2. Both Debtors are officers of Emporium, but only Phelan entered into the lease with Chertok. The lease was executed several months before Emporium was incorporated.
3. Debtors filed Amended Schedules A and B continuing to list the values of the two corporations as zero, but also providing additional information to justify the valuations.
4. Linda Phelan is an officer of Emporium, and she signed the petition, schedules and statements filed in the case. There was no evidence offered at trial, however, that she was involved in winding up Emporium's operations or that she participated in the auction sales. Information for the preparation of the schedules and statements was supplied to Debtors' counsel by Phelan. Accordingly, I do not find that Linda Phelan's petition was filed in bad faith.

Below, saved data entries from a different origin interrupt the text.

lemma dvd_prod_prime_elems:
  fixes \<phi> :: "'i \<Rightarrow> 'k::field poly"
  assumes "finite S" "\<forall>i\<in>S. prime_elem (\<phi> i)" "a dvd prod \<phi> S"
  obtains A \<alpha> where "A \<subseteq> S" "\<alpha> \<noteq> 0" "a = smult \<alpha> (prod \<phi> A)"
  using assms
proof (induction S arbitrary: a thesis rule: finite_induct)
  case empty
  then have "is_unit a" by simp
  then obtain c where c: "a = [:c:]" "c \<noteq> 0" by (metis is_unit_poly_iff dvd_0_left_iff one_neq_zero)
  show ?case by (rule empty.prems(1)[of "{}" c]) (use c in auto)
next
  case (insert s S)
  have ps: "prime_elem (\<phi> s)" and nz: "\<phi> s \<noteq> 0" using insert.prems(2) by auto
  have dvd: "a dvd \<phi> s * prod \<phi> S" using insert.prems(3) insert.hyps by simp
  have primes: "\<forall>i\<in>S. prime_elem (\<phi> i)" using insert.prems(2) by simp
  show ?case
  proof (cases "\<phi> s dvd a")
    case True
    then obtain a' where a': "a = \<phi> s * a'" by (auto elim: dvdE)
    then have "a' dvd prod \<phi> S" using dvd nz by simp
    then obtain A \<alpha> where A: "A \<subseteq> S" "\<alpha> \<noteq> 0" "a' = smult \<alpha> (prod \<phi> A)"
      using insert.IH[OF _ primes] by blast
    then have "a = smult \<alpha> (prod \<phi> (insert s A))"
      using a' insert.hyps finite_subset by (subst prod.insert) (auto simp: mult_smult_right)
    then show ?thesis using insert.prems(1) A by blast
  next
    case False
    obtain r where r: "\<phi> s * prod \<phi> S = a * r" using dvd by (auto elim: dvdE)
    then have "\<phi> s dvd r" using False prime_elem_dvd_mult_iff[OF ps] by (metis dvd_triv_left)
    then obtain r' where "r = \<phi> s * r'" by (auto elim: dvdE)
    with r have "\<phi> s * prod \<phi> S = \<phi> s * (a * r')" by (simp add: ac_simps)
    then have "a dvd prod \<phi> S" using nz by simp
    then obtain A \<alpha> where "A \<subseteq> S" "\<alpha> \<noteq> 0" "a = smult \<alpha> (prod \<phi> A)"
      using insert.IH[OF _ primes] by blast
    then show ?thesis using insert.prems(1) by blast
  qed
qed

lemma cofactor_of_smult_subprod:
  fixes \<phi> :: "'i \<Rightarrow> 'k::field poly"
  assumes "finite S" "A \<subseteq> S" "prod \<phi> A \<noteq> 0" "\<alpha> \<noteq> 0"
    and "smult \<alpha> (prod \<phi> A) * y = smult \<kappa> (prod \<phi> S)"
  shows "y = smult (\<kappa> / \<alpha>) (prod \<phi> (S - A))"
proof -
  have "prod \<phi> A * smult \<alpha> y = smult \<alpha> (prod \<phi> A) * y" by simp
  also have "\<dots> = smult \<kappa> (prod \<phi> S)" by (rule assms(5))
  also have "\<dots> = prod \<phi> A * smult \<kappa> (prod \<phi> (S - A))"
    by (subst prod.subset_diff[OF assms(2,1)]) (simp add: mult.commute)
  finally have "smult \<alpha> y = smult \<kappa> (prod \<phi> (S - A))" using assms(3) mult_left_cancel by blast
  then have "smult (inverse \<alpha>) (smult \<alpha> y) = smult (inverse \<alpha>) (smult \<kappa> (prod \<phi> (S - A)))" by simp
  then show ?thesis using assms(4) by (simp add: field_simps)
qed

lemma UN_lessThan_Suc_case_nat: "(\<Union>k<Suc n. case_nat A B k) = A \<union> (\<Union>k<n. B k)"
  by (simp add: lessThan_Suc_eq_insert_0 UN_insert image_Suc_lessThan[symmetric] del: image_Suc_lessThan)

lemma factors_of_smult_prod_prime_elems:
  fixes \<phi> :: "'i \<Rightarrow> 'k::field poly"
  assumes "finite S" "\<forall>i\<in>S. prime_elem (\<phi> i)" "prod_list xs = smult \<kappa> (prod \<phi> S)" "\<kappa> \<noteq> 0"
  shows "\<exists>A \<gamma>. (\<forall>k<length xs. A k \<subseteq> S \<and> \<gamma> k \<noteq> 0 \<and> xs ! k = smult (\<gamma> k) (prod \<phi> (A k))) \<and>
           (\<forall>k<length xs. \<forall>l<length xs. k \<noteq> l \<longrightarrow> A k \<inter> A l = {}) \<and> (\<Union>k<length xs. A k) = S"
  using assms
proof (induction xs arbitrary: S \<kappa>)
  case Nil
  then have "degree (prod \<phi> S) = 0" by (metis degree_1 degree_smult_eq prod_list.Nil)
  then have "S = {}" using degree_prod_prime_elems_pos[OF Nil(1) _ Nil(2)] by auto
  then show ?case by simp
next
  case (Cons x xs)
  have "x dvd prod \<phi> S" using Cons(4,5) dvd_smult_cancel by (metis dvd_triv_left prod_list.Cons)
  then obtain A0 \<alpha> where A0: "A0 \<subseteq> S" "\<alpha> \<noteq> 0" "x = smult \<alpha> (prod \<phi> A0)"
    using dvd_prod_prime_elems[OF Cons(2,3)] by blast
  have "\<forall>i\<in>S. \<phi> i \<noteq> 0" using Cons(3) by auto
  then have "prod \<phi> A0 \<noteq> 0" using A0(1) Cons(2) by (auto simp: prod_zero_iff finite_subset)
  then have "prod_list xs = smult (\<kappa> / \<alpha>) (prod \<phi> (S - A0))"
    using cofactor_of_smult_subprod[OF Cons(2) A0(1) _ A0(2)] Cons(4) A0(3) by simp
  then obtain A \<gamma> where IH: "\<forall>k<length xs. A k \<subseteq> S - A0 \<and> \<gamma> k \<noteq> 0 \<and> xs ! k = smult (\<gamma> k) (prod \<phi> (A k))"
    "\<forall>k<length xs. \<forall>l<length xs. k \<noteq> l \<longrightarrow> A k \<inter> A l = {}" "(\<Union>k<length xs. A k) = S - A0"
    using Cons.IH[of "S - A0" "\<kappa> / \<alpha>"] Cons(2,3,5) A0(2) by auto
  define B where "B = case_nat A0 A"
  have "\<forall>k<length (x # xs). B k \<subseteq> S \<and> case_nat \<alpha> \<gamma> k \<noteq> 0 \<and>
      (x # xs) ! k = smult (case_nat \<alpha> \<gamma> k) (prod \<phi> (B k))"
  proof (intro allI impI)
    fix k assume "k < length (x # xs)"
    then show "B k \<subseteq> S \<and> case_nat \<alpha> \<gamma> k \<noteq> 0 \<and> (x # xs) ! k = smult (case_nat \<alpha> \<gamma> k) (prod \<phi> (B k))"
      using A0 IH(1) unfolding B_def by (cases k) auto
  qed
  moreover have "\<forall>k<length (x # xs). \<forall>l<length (x # xs). k \<noteq> l \<longrightarrow> B k \<inter> B l = {}"
  proof (intro allI impI)
    fix k l assume "k < length (x # xs)" "l < length (x # xs)" "k \<noteq> l"
    then show "B k \<inter> B l = {}"
      using IH(1,2) unfolding B_def by (cases k; cases l) fastforce+
  qed
  moreover have "(\<Union>k<length (x # xs). B k) = S"
  proof -
    have "(\<Union>k<length (x # xs). B k) = A0 \<union> (\<Union>k<length xs. A k)"
      unfolding B_def by (simp add: UN_lessThan_Suc_case_nat)
    then show ?thesis using IH(3) A0(1) by auto
  qed
  ultimately show ?case by blast
qed

section \<open>Reordering the factors of a product\<close>

definition other_indices :: "nat \<Rightarrow> nat \<Rightarrow> nat list" where
  "other_indices k n = [0..<k] @ [Suc k..<n]"

lemma set_other_indices: "k < n \<Longrightarrow> set (other_indices k n) = {..<n} - {k}"
  unfolding other_indices_def by auto

lemma distinct_other_indices: "distinct (other_indices k n)"
  unfolding other_indices_def by auto

lemma ess_same_move_to_front:
  assumes k0: "k0 < length xs"
    and front: "\<exists>u. IntD_unit u \<and> xs ! k0 = u * y"
    and others: "\<forall>k<length xs. k \<noteq> k0 \<longrightarrow> (\<exists>u. IntD_unit u \<and> xs ! k = u * g k)"
  shows "ess_same xs (y # map g (other_indices k0 (length xs)))"
proof -
  let ?n = "length xs"
  let ?ys = "y # map g (other_indices k0 ?n)"
  define \<sigma> where "\<sigma> k = (if k = k0 then 0 else if k < k0 then Suc k else k)" for k
  have "\<sigma> permutes {..<?n}"
  proof (rule bij_imp_permutes)
    show "bij_betw \<sigma> {..<?n} {..<?n}" unfolding \<sigma>_def
      by (rule bij_betw_byWitness[where f' = "\<lambda>k. if k = 0 then k0 else if k \<le> k0 then k - 1 else k"])
        (use k0 in auto)
    show "\<sigma> x = x" if "x \<notin> {..<?n}" for x using that k0 unfolding \<sigma>_def by auto
  qed
  moreover have "\<exists>u. IntD_unit u \<and> xs ! k = u * ?ys ! \<sigma> k" if "k < ?n" for k
  proof (cases "k = k0")
    case True
    then show ?thesis using front unfolding \<sigma>_def by simp
  next
    case False
    then have "?ys ! \<sigma> k = g k"
      using that unfolding \<sigma>_def other_indices_def by (auto simp: nth_append)
    then show ?thesis using others that False by simp
  qed
  moreover have "length ?ys = ?n" using k0 unfolding other_indices_def by simp
  ultimately show ?thesis unfolding ess_same_def by metis
qed

lemma other_indices_enumerate_singleton_blocks:
  assumes disj: "\<forall>k<n. \<forall>l<n. k \<noteq> l \<longrightarrow> A k \<inter> A l = {}"
    and cover: "(\<Union>k<n. A k) = I" and k0: "k0 < n"
    and single: "\<forall>k<n. k \<noteq> k0 \<longrightarrow> A k = {j k}"
  shows "distinct (map j (other_indices k0 n)) \<and> set (map j (other_indices k0 n)) = I - A k0"
proof
  have "inj_on j ({..<n} - {k0})"
  proof (rule inj_onI, rule ccontr)
    fix k l assume kl: "k \<in> {..<n} - {k0}" "l \<in> {..<n} - {k0}" "j k = j l" "k \<noteq> l"
    then have "A k \<inter> A l = {}" using disj by blast
    moreover have "A k = {j k}" "A l = {j l}" using kl(1,2) single by auto
    ultimately show False using kl(3) by simp
  qed
  then show "distinct (map j (other_indices k0 n))"
    by (simp add: distinct_map distinct_other_indices set_other_indices[OF k0])
  show "set (map j (other_indices k0 n)) = I - A k0"
  proof
    show "set (map j (other_indices k0 n)) \<subseteq> I - A k0"
    proof
      fix i assume "i \<in> set (map j (other_indices k0 n))"
      then obtain k where k: "k < n" "k \<noteq> k0" "i = j k" by (auto simp: set_other_indices[OF k0])
      then have "i \<in> A k" "A k \<inter> A k0 = {}" using single disj k0 by auto
      then show "i \<in> I - A k0" using cover k(1) by blast
    qed
    show "I - A k0 \<subseteq> set (map j (other_indices k0 n))"
    proof
      fix i assume i: "i \<in> I - A k0"
      then obtain k where "k < n" "i \<in> A k" using cover by blast
      moreover have "k \<noteq> k0" using i \<open>i \<in> A k\<close> by blast
      ultimately show "i \<in> set (map j (other_indices k0 n))"
        using single by (auto simp: set_other_indices[OF k0])
    qed
  qed
qed

section \<open>Indispensable families\<close>

locale indispensable_family =
  fixes c :: "'a::idom"
    and I :: "'i set"
    and f :: "'i \<Rightarrow> 'a poly"
    and Lam :: "'a set \<Rightarrow> 'i set"
    and i0 :: 'i
  assumes finite_I: "finite I"
    and irreducible_f: "\<forall>i\<in>I. irreducible (map_poly to_fract (f i))"
    and c_not_unit: "\<not> c dvd 1" and c_nonzero: "c \<noteq> 0"
    and fixed_divisor_I: "fixed_divisor (\<Prod>i\<in>I. f i) = principal_ideal c"
    and Lam_indispensable: "\<forall>P\<in>{P. maximal_ideal P \<and> c \<in> P}.
                 Lam P \<subseteq> I \<and> (\<forall>k\<in>Lam P. indispensable P f I k)"
    and i0_common: "\<forall>P\<in>{P. maximal_ideal P \<and> c \<in> P}. i0 \<in> Lam P"
begin

abbreviation "primes_over_c \<equiv> {P. maximal_ideal P \<and> c \<in> P}"
definition Lambda :: "'i set" where "Lambda = (\<Union>P\<in>primes_over_c. Lam P)"
abbreviation "phi i \<equiv> map_poly to_fract (f i)"
abbreviation "Phi S \<equiv> map_poly to_fract (\<Prod>i\<in>S. f i)"
abbreviation "quot S \<equiv> smult (inverse (to_fract c)) (Phi S)"

lemma primes_over_c_nonempty: "\<exists>P. P \<in> primes_over_c"
proof -
  have "1 \<notin> principal_ideal c" using c_not_unit by (simp add: mem_principal_ideal_iff)
  then obtain P where "maximal_ideal P" "principal_ideal c \<subseteq> P"
    using maximal_ideal_superset[OF is_ideal_principal_ideal] by blast
  then show ?thesis by (metis dvd_refl mem_Collect_eq mem_principal_ideal_iff subsetD)
qed

lemma Lambda_subset_I: "Lambda \<subseteq> I"
  using Lam_indispensable unfolding Lambda_def by blast

lemma i0_in_Lambda: "i0 \<in> Lambda"
  using primes_over_c_nonempty i0_common unfolding Lambda_def by blast

lemma i0_in_I: "i0 \<in> I"
  using i0_in_Lambda Lambda_subset_I by blast

lemma prod_value_notin_prime_over_c:
  assumes P: "P \<in> primes_over_c" and k: "k \<in> Lam P" and B: "B \<subseteq> I" "k \<notin> B"
  obtains z where "poly (\<Prod>i\<in>B. f i) z \<notin> P"
proof -
  have "indispensable P f I k" using Lam_indispensable P k by blast
  then obtain z where z: "\<forall>i\<in>I. i \<noteq> k \<longrightarrow> vP P (poly (f i) z) = 0"
    unfolding indispensable_def by blast
  have "poly (f i) z \<notin> P" if "i \<in> B" for i
    using that B z not_mem_if_vP_eq_0 by (metis subsetD)
  then have "(\<Prod>i\<in>B. poly (f i) z) \<notin> P"
    using P B(1) finite_I by (intro prod_notin_maximal_ideal) (auto intro: finite_subset)
  then show thesis using that by (simp add: poly_prod)
qed

lemma c_in_fixed_divisor:
  assumes "B \<subseteq> I" shows "c \<in> fixed_divisor (\<Prod>i\<in>B. f i)"
proof -
  have "c \<in> fixed_divisor (\<Prod>i\<in>I. f i)" using fixed_divisor_I by (simp add: mem_principal_ideal_iff)
  then show ?thesis using fixed_divisor_antimono[OF prod_dvd_prod_subset[OF finite_I assms]] by blast
qed

text \<open>Every \<open>P \<supseteq> d(\<Prod>\<^sub>B f)\<close> contains \<open>c\<close>, and \<open>f\<^sub>i\<^sub>0\<close> is indispensable for \<open>P\<close>.\<close>
lemma one_in_fixed_divisor:
  assumes B: "B \<subseteq> I" "i0 \<notin> B"
  shows "1 \<in> fixed_divisor (\<Prod>i\<in>B. f i)"
proof (rule ccontr)
  assume "1 \<notin> fixed_divisor (\<Prod>i\<in>B. f i)"
  then obtain P where P: "maximal_ideal P" "fixed_divisor (\<Prod>i\<in>B. f i) \<subseteq> P"
    using maximal_ideal_superset[OF is_ideal_fixed_divisor] by blast
  then have "P \<in> primes_over_c" using c_in_fixed_divisor[OF B(1)] by blast
  with B obtain z where "poly (\<Prod>i\<in>B. f i) z \<notin> P"
    using i0_common prod_value_notin_prime_over_c by blast
  then show False using P(2) poly_in_fixed_divisor by blast
qed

5. Debtors have not argued that they have an absolute right to dismiss their Chapter 13 case although 11 U.S.C. § 1307(b) states "on request of the debtor at any time, if the case has not been converted under section 706, 1112 or 1208 of this title, the court shall dismiss a case under this chapter." Had this argument been made, I would have found it unavailing. I concur with the reasoning of the Ninth Circuit that in Marrama the Supreme Court made it clear that "even otherwise unqualified rights in the debtor are subject to limitation by the bankruptcy court's power under § 105(a) to police bad faith and abuse of process." Rossen, 545 F.3d at 773-74 n. 12. Accord, Taylor v. Winnecour (In re Taylor), 462 B.R. 527, 532 (Bankr. W.D. Pa. 2011); In re Caola, 422 B.R. 13, 21 (Bankr. D. N.J. 2009); In re Armstrong, 409 B.R. 629, 633 (Bankr. E.D.N.Y. 2009). But see, Jacobsen v. Moser (In re Jacobsen), 609 F.3d 647, 660 (5th Cir. 2010) (holding more narrowly that "a bankruptcy court has the power to grant an outstanding conversion motion and deny a bad-faith debtor's request for dismissal only if made in response to a conversion motion").